From a very practical point of view for clinicians, we need to be more informed about the things that can help promote recovery, including specific diets and exercise. We need more guidance on how to pair up the best treatment option with a specific individual. An ultimate goal would be identifying biomarkers that will help us guide therapy. We need more biomarkers that will say that a particular person might have an increased risk for other problems down the road.

Question 5.

Two drugs were recently approved by the FDA to treat relapsing-remitting multiple sclerosis (RRMS) and active secondary progressive multiple sclerosis (SPMS). What effects will these drugs have on the future treatment of MS?

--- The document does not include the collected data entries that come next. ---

(* Let $0<\epsilon<1$ and let $C_1,\ldots,C_n\in\mathbb{R}^3$ be a Pareto-optimal market for $\textsc{ProductDesign}(2)$. Let $r=\max\{\operatorname{ppu}(C_i): i\in\{1,\ldots,n\}\}$, $E=1/(1-\epsilon)$, $\ell=\lceil\log_E n\rceil$, and for $i\in\{0,\ldots,\ell\}$ let $H_i=\{(p,q_1,q_2)\in\mathbb{R}^3: p-q_1-q_2=r(1-\epsilon)^i\}$. Then for every product $P^*=(p^*,q_1^*,q_2^* )\in\mathbb{R}^3$ there exists a product $P\in H_i$ for some $i\in\{0,\ldots,\ell\}$ with $\operatorname{profit}(P)\ge(1-\epsilon)\operatorname{profit}(P^* )$.
   Context: A product $P=(p,q_1,q_2)$ has price $p$ and qualities $q_1,q_2$; its profit per unit is $\operatorname{ppu}(P)=p-q_1-q_2$. A customer $C_i=(p_i,q_{i,1},q_{i,2})$ buys $P$ iff $p\le p_i$ and $q_j\ge q_{i,j}$ for $j=1,2$. $\operatorname{profit}(P)=\operatorname{ppu}(P)\cdot|\{i: C_i \text{ buys } P\}|$. The market is Pareto-optimal: there are no two customers $C_i,C_j$ with $q_{i,k}>q_{j,k}$ for all $k$ and $p_i<p_j$. *)

theory Defs
  imports Complex_Main
begin

type_synonym point3 = "real \<times> real \<times> real"  (* (price, quality 1, quality 2) *)

definition ppu :: "point3 \<Rightarrow> real" where
  "ppu P = (case P of (p, q1, q2) \<Rightarrow> p - q1 - q2)"

definition buys :: "point3 \<Rightarrow> point3 \<Rightarrow> bool" where
  "buys Ci P = (case Ci of (pc, qi1, qi2) \<Rightarrow> case P of (p, q1, q2) \<Rightarrow>
      p \<le> pc \<and> q1 \<ge> qi1 \<and> q2 \<ge> qi2)"

definition profit :: "(nat \<Rightarrow> point3) \<Rightarrow> nat \<Rightarrow> point3 \<Rightarrow> real" where
  "profit C n P = ppu P * real (card {i \<in> {1..n}. buys (C i) P})"

definition pareto_optimal :: "(nat \<Rightarrow> point3) \<Rightarrow> nat \<Rightarrow> bool" where
  "pareto_optimal C n = (\<not> (\<exists>i\<in>{1..n}. \<exists>j\<in>{1..n}.
      fst (snd (C i)) > fst (snd (C j)) \<and> snd (snd (C i)) > snd (snd (C j)) \<and>
      fst (C i) < fst (C j)))"

end

theory Submission
  imports Defs
begin

text \<open>
  Let \<open>P\<^sup>*\<close> have positive profit. A buyer \<open>C\<^sub>k\<close> of
  \<open>P\<^sup>*\<close> pays at least \<open>ppu P\<^sup>*\<close>, so \<open>ppu P\<^sup>* \<le> r\<close>. If \<open>ppu P\<^sup>*\<close> is above the lowest
  level \<open>r(1-\<epsilon>)\<^sup>\<ell>\<close>, lowering the price of \<open>P\<^sup>*\<close> to the next level below keeps all
  buyers and loses at most a factor \<open>1-\<epsilon>\<close> per unit. Otherwise
  \<open>profit P\<^sup>* \<le> n r (1-\<epsilon>)\<^sup>\<ell> \<le> r\<close>, and the customer attaining \<open>r\<close>, offered as a product,
  already earns \<open>r\<close>. Products of non-positive profit are beaten by any product
  nobody buys.
\<close>

abbreviation buyers :: "(nat \<Rightarrow> point3) \<Rightarrow> nat \<Rightarrow> point3 \<Rightarrow> nat set" where
  "buyers C n P \<equiv> {i \<in> {1..n}. buys (C i) P}"

lemma card_buyers_le: "card (buyers C n P) \<le> n"
proof -
  have "card (buyers C n P) \<le> card {1..n}" by (rule card_mono) auto
  then show ?thesis by simp
qed

lemma ppu_le_ppu_of_buyer: "buys c P \<Longrightarrow> ppu P \<le> ppu c"
  unfolding buys_def ppu_def by (cases c, cases P) auto

lemma buyers_antimono_price:
  "p' \<le> p \<Longrightarrow> buyers C n (p, q1, q2) \<subseteq> buyers C n (p', q1, q2)"
  unfolding buys_def by (auto split: prod.splits)

lemma profit_le_ppu_mult_n: "0 \<le> ppu P \<Longrightarrow> profit C n P \<le> ppu P * real n"
  unfolding profit_def using card_buyers_le by (intro mult_left_mono) auto

lemma ppu_le_profit_of_customer:
  assumes "i \<in> {1..n}" and "0 \<le> ppu (C i)"
  shows "ppu (C i) \<le> profit C n (C i)"
proof -
  have "i \<in> buyers C n (C i)"
    using assms(1) unfolding buys_def by (cases "C i") auto
  then have "1 \<le> card (buyers C n (C i))"
    by (simp add: Suc_le_eq card_gt_0_iff) blast
  then have "ppu (C i) * 1 \<le> ppu (C i) * real (card (buyers C n (C i)))"
    using assms(2) by (intro mult_left_mono) auto
  then show ?thesis
    unfolding profit_def by simp
qed

lemma exists_unsold_product: "\<exists>P. ppu P = x \<and> profit C n P = 0"
proof -
  define q where "q = Min (fst ` snd ` C ` {1..n}) - 1"
  have "\<not> buys (C i) (x + q, q, 0)" if "i \<in> {1..n}" for i
  proof -
    have "Min (fst ` snd ` C ` {1..n}) \<le> fst (snd (C i))"
      using that by (intro Min_le) auto
    then have "q < fst (snd (C i))" unfolding q_def by simp
    then show ?thesis unfolding buys_def by (auto split: prod.splits)
  qed
  then have "profit C n (x + q, q, 0) = 0"
    unfolding profit_def by simp
  moreover have "ppu (x + q, q, 0) = x"
    unfolding ppu_def by simp
  ultimately show ?thesis by blast
qed

lemma pow_nat_ceiling_log_inverse_le:
  fixes a x :: real
  assumes "0 < a" and "a < 1" and "0 < x"
  shows "a ^ nat \<lceil>log (1 / a) x\<rceil> * x \<le> 1"
proof -
  define L where "L = nat \<lceil>log (1 / a) x\<rceil>"
  have base: "1 < 1 / a" using assms by simp
  have "x = (1 / a) powr log (1 / a) x"
    by (rule powr_log_cancel[symmetric]) (use base assms in auto)
  also have "\<dots> \<le> (1 / a) powr real L"
    using base unfolding L_def by (intro powr_mono) linarith+
  also have "\<dots> = (1 / a) ^ L" using assms(1) by (simp add: powr_realpow)
  finally have "a ^ L * x \<le> a ^ L * (1 / a) ^ L"
    using assms(1) by (intro mult_left_mono) auto
  also have "\<dots> = 1" using assms(1) by (simp add: power_one_over)
  finally show ?thesis unfolding L_def .
qed

lemma geometric_level_between:
  fixes a x r :: real
  assumes "0 < a" and "a < 1" and "0 \<le> x" and "x \<le> r" and "r * a ^ L \<le> x"
  shows "\<exists>i\<le>L. a * x \<le> r * a ^ i \<and> r * a ^ i \<le> x"
proof -
  define i where "i = (LEAST i. r * a ^ i \<le> x)"
  have below: "r * a ^ i \<le> x" and "i \<le> L"
    unfolding i_def using assms(5) by (auto intro: LeastI Least_le)
  moreover have "a * x \<le> r * a ^ i"
  proof (cases i)
    case 0
    have "a * x \<le> x" using assms by (intro mult_left_le_one_le) auto
    then show ?thesis using 0 assms(4) by simp
  next
    case (Suc m)
    then have "x < r * a ^ m"
      using not_less_Least[of m "\<lambda>i. r * a ^ i \<le> x"] unfolding i_def by simp
    then show ?thesis
      using Suc assms(1) by (simp add: algebra_simps)
  qed
  ultimately show ?thesis by blast
qed

lemma lower_price_profit_ge:
  fixes a y :: real
  assumes "0 \<le> a" and "a * ppu P \<le> y" and "y \<le> ppu P" and "0 \<le> y"
  shows "\<exists>P'. ppu P' = y \<and> a * profit C n P \<le> profit C n P'"
proof -
  obtain p q1 q2 where P: "P = (p, q1, q2)" by (cases P)
  define P' where "P' = (p - (ppu P - y), q1, q2)"
  have ppu_P': "ppu P' = y"
    unfolding P'_def P by (simp add: ppu_def)
  have "buyers C n P \<subseteq> buyers C n P'"
    unfolding P'_def P by (rule buyers_antimono_price) (use assms(3) P in simp)
  then have more_buyers: "card (buyers C n P) \<le> card (buyers C n P')"
    by (intro card_mono) auto
  have "a * profit C n P = a * ppu P * real (card (buyers C n P))"
    unfolding profit_def by simp
  also have "\<dots> \<le> y * real (card (buyers C n P'))"
    using assms(2,4) more_buyers by (intro mult_mono) auto
  also have "\<dots> = profit C n P'"
    unfolding profit_def ppu_P' ..
  finally show ?thesis using ppu_P' by blast
qed

lemma profitable_product_approx_on_levels:
  fixes a :: real
  assumes "0 < a" and "a < 1" and "a ^ L * real n \<le> 1"
    and r: "r = Max (ppu ` C ` {1..n})"
    and profitable: "0 < profit C n P"
  shows "\<exists>i\<le>L. \<exists>P'. ppu P' = r * a ^ i \<and> a * profit C n P \<le> profit C n P'"
proof -
  have ppu_pos: "0 < ppu P"
    using profitable unfolding profit_def by (simp add: zero_less_mult_iff)
  have "buyers C n P \<noteq> {}"
    using profitable unfolding profit_def by (metis card.empty mult_zero_right of_nat_0 less_irrefl)
  then obtain k where k: "k \<in> {1..n}" "buys (C k) P" by auto
  have "ppu (C k) \<le> r"
    unfolding r by (rule Max_ge) (use k(1) in auto)
  then have ppu_le_r: "ppu P \<le> r"
    using ppu_le_ppu_of_buyer[OF k(2)] by simp
  show ?thesis
  proof (cases "r * a ^ L \<le> ppu P")
    case True
    then obtain i where "i \<le> L" "a * ppu P \<le> r * a ^ i" "r * a ^ i \<le> ppu P"
      using geometric_level_between[OF assms(1,2), of "ppu P" r L] ppu_pos ppu_le_r by auto
    moreover have "0 \<le> r * a ^ i"
      using ppu_pos ppu_le_r assms(1) by simp
    ultimately show ?thesis
      using lower_price_profit_ge[of a P "r * a ^ i" C n] assms(1) by auto
  next
    case False
    obtain j where j: "j \<in> {1..n}" "ppu (C j) = r"
      unfolding r using Max_in[of "ppu ` C ` {1..n}"] k(1) by fastforce
    have "profit C n P \<le> ppu P * real n"
      using ppu_pos by (intro profit_le_ppu_mult_n) simp
    also have "\<dots> \<le> r * a ^ L * real n"
      using False by (intro mult_right_mono) auto
    also have "\<dots> = r * (a ^ L * real n)" by (simp only: mult.assoc)
    also have "\<dots> \<le> r" using assms(3) ppu_pos ppu_le_r by (simp add: mult_left_le)
    also have "\<dots> \<le> profit C n (C j)"
      using ppu_le_profit_of_customer[of j n C] j ppu_pos ppu_le_r by simp
    finally have "profit C n P \<le> profit C n (C j)" .
    moreover have "a * profit C n P \<le> profit C n P"
      using profitable assms(1,2) by (intro mult_left_le_one_le) auto
    ultimately have "a * profit C n P \<le> profit C n (C j)" by linarith
    then have "ppu (C j) = r * a ^ 0 \<and> a * profit C n P \<le> profit C n (C j)"
      using j(2) by simp
    then show ?thesis by blast
  qed
qed

theorem lemma3:
  fixes \<epsilon> :: real and C :: "nat \<Rightarrow> point3" and n :: nat and Pstar :: point3
  assumes "0 < \<epsilon>" and "\<epsilon> < 1" and "n \<ge> 1"
    and "pareto_optimal C n"
  shows "let r = Max (ppu ` C ` {1..n}); E = 1 / (1 - \<epsilon>); l = \<lceil>log E (real n)\<rceil> in
    \<exists>i::nat. int i \<le> l \<and> (\<exists>P. ppu P = r * (1 - \<epsilon>) ^ i \<and>
       profit C n P \<ge> (1 - \<epsilon>) * profit C n Pstar)"
proof -
  define r where "r = Max (ppu ` C ` {1..n})"
  define l where "l = \<lceil>log (1 / (1 - \<epsilon>)) (real n)\<rceil>"
  have "1 < 1 / (1 - \<epsilon>)" using assms by simp
  then have "0 \<le> log (1 / (1 - \<epsilon>)) (real n)" using assms(3) by simp
  then have "0 \<le> l" unfolding l_def by simp
  have bound: "(1 - \<epsilon>) ^ nat l * real n \<le> 1"
    unfolding l_def using assms by (intro pow_nat_ceiling_log_inverse_le) auto
  have "\<exists>i\<le>nat l. \<exists>P. ppu P = r * (1 - \<epsilon>) ^ i \<and> (1 - \<epsilon>) * profit C n Pstar \<le> profit C n P"
  proof (cases "profit C n Pstar \<le> 0")
    case True
    obtain P where "ppu P = r * (1 - \<epsilon>) ^ 0" and "profit C n P = 0"
      using exists_unsold_product by blast
    moreover have "(1 - \<epsilon>) * profit C n Pstar \<le> 0"
      using True assms(2) by (intro mult_nonneg_nonpos) auto
    ultimately have "ppu P = r * (1 - \<epsilon>) ^ 0 \<and> (1 - \<epsilon>) * profit C n Pstar \<le> profit C n P"
      by simp
    then show ?thesis by blast
  next
    case False
    then show ?thesis
      by (intro profitable_product_approx_on_levels[OF _ _ bound r_def]) (use assms in auto)
  qed
  then obtain i P where "i \<le> nat l" "ppu P = r * (1 - \<epsilon>) ^ i"
    "(1 - \<epsilon>) * profit C n Pstar \<le> profit C n P"
    by blast
  moreover have "int i \<le> l" using \<open>i \<le> nat l\<close> \<open>0 \<le> l\<close> by linarith
  ultimately have "\<exists>i. int i \<le> l \<and> (\<exists>P. ppu P = r * (1 - \<epsilon>) ^ i \<and>
      (1 - \<epsilon>) * profit C n Pstar \<le> profit C n P)"
    by blast
  then show ?thesis by (simp only: Let_def r_def l_def)
qed

end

I think that in one case you’re dealing with a newer sphingosine-1 phosphate receptor agonist, which has the same mechanism of action as fingolimod. The advantage now is being able to escalate the dose of the medication, which may lower the risk for a cardiac effect where you can have transient bradycardia for 6 hours. Another advantage is the potential to wean patients to a lower dose before stopping the medication. Whether this will result in a decreased likelihood of rebound will be interesting to see.

Then there are the advantages of patients not having to go to an infusion center. The idea of prescribing pills instead of shots or commitment to infusion appointments is a definite improvement.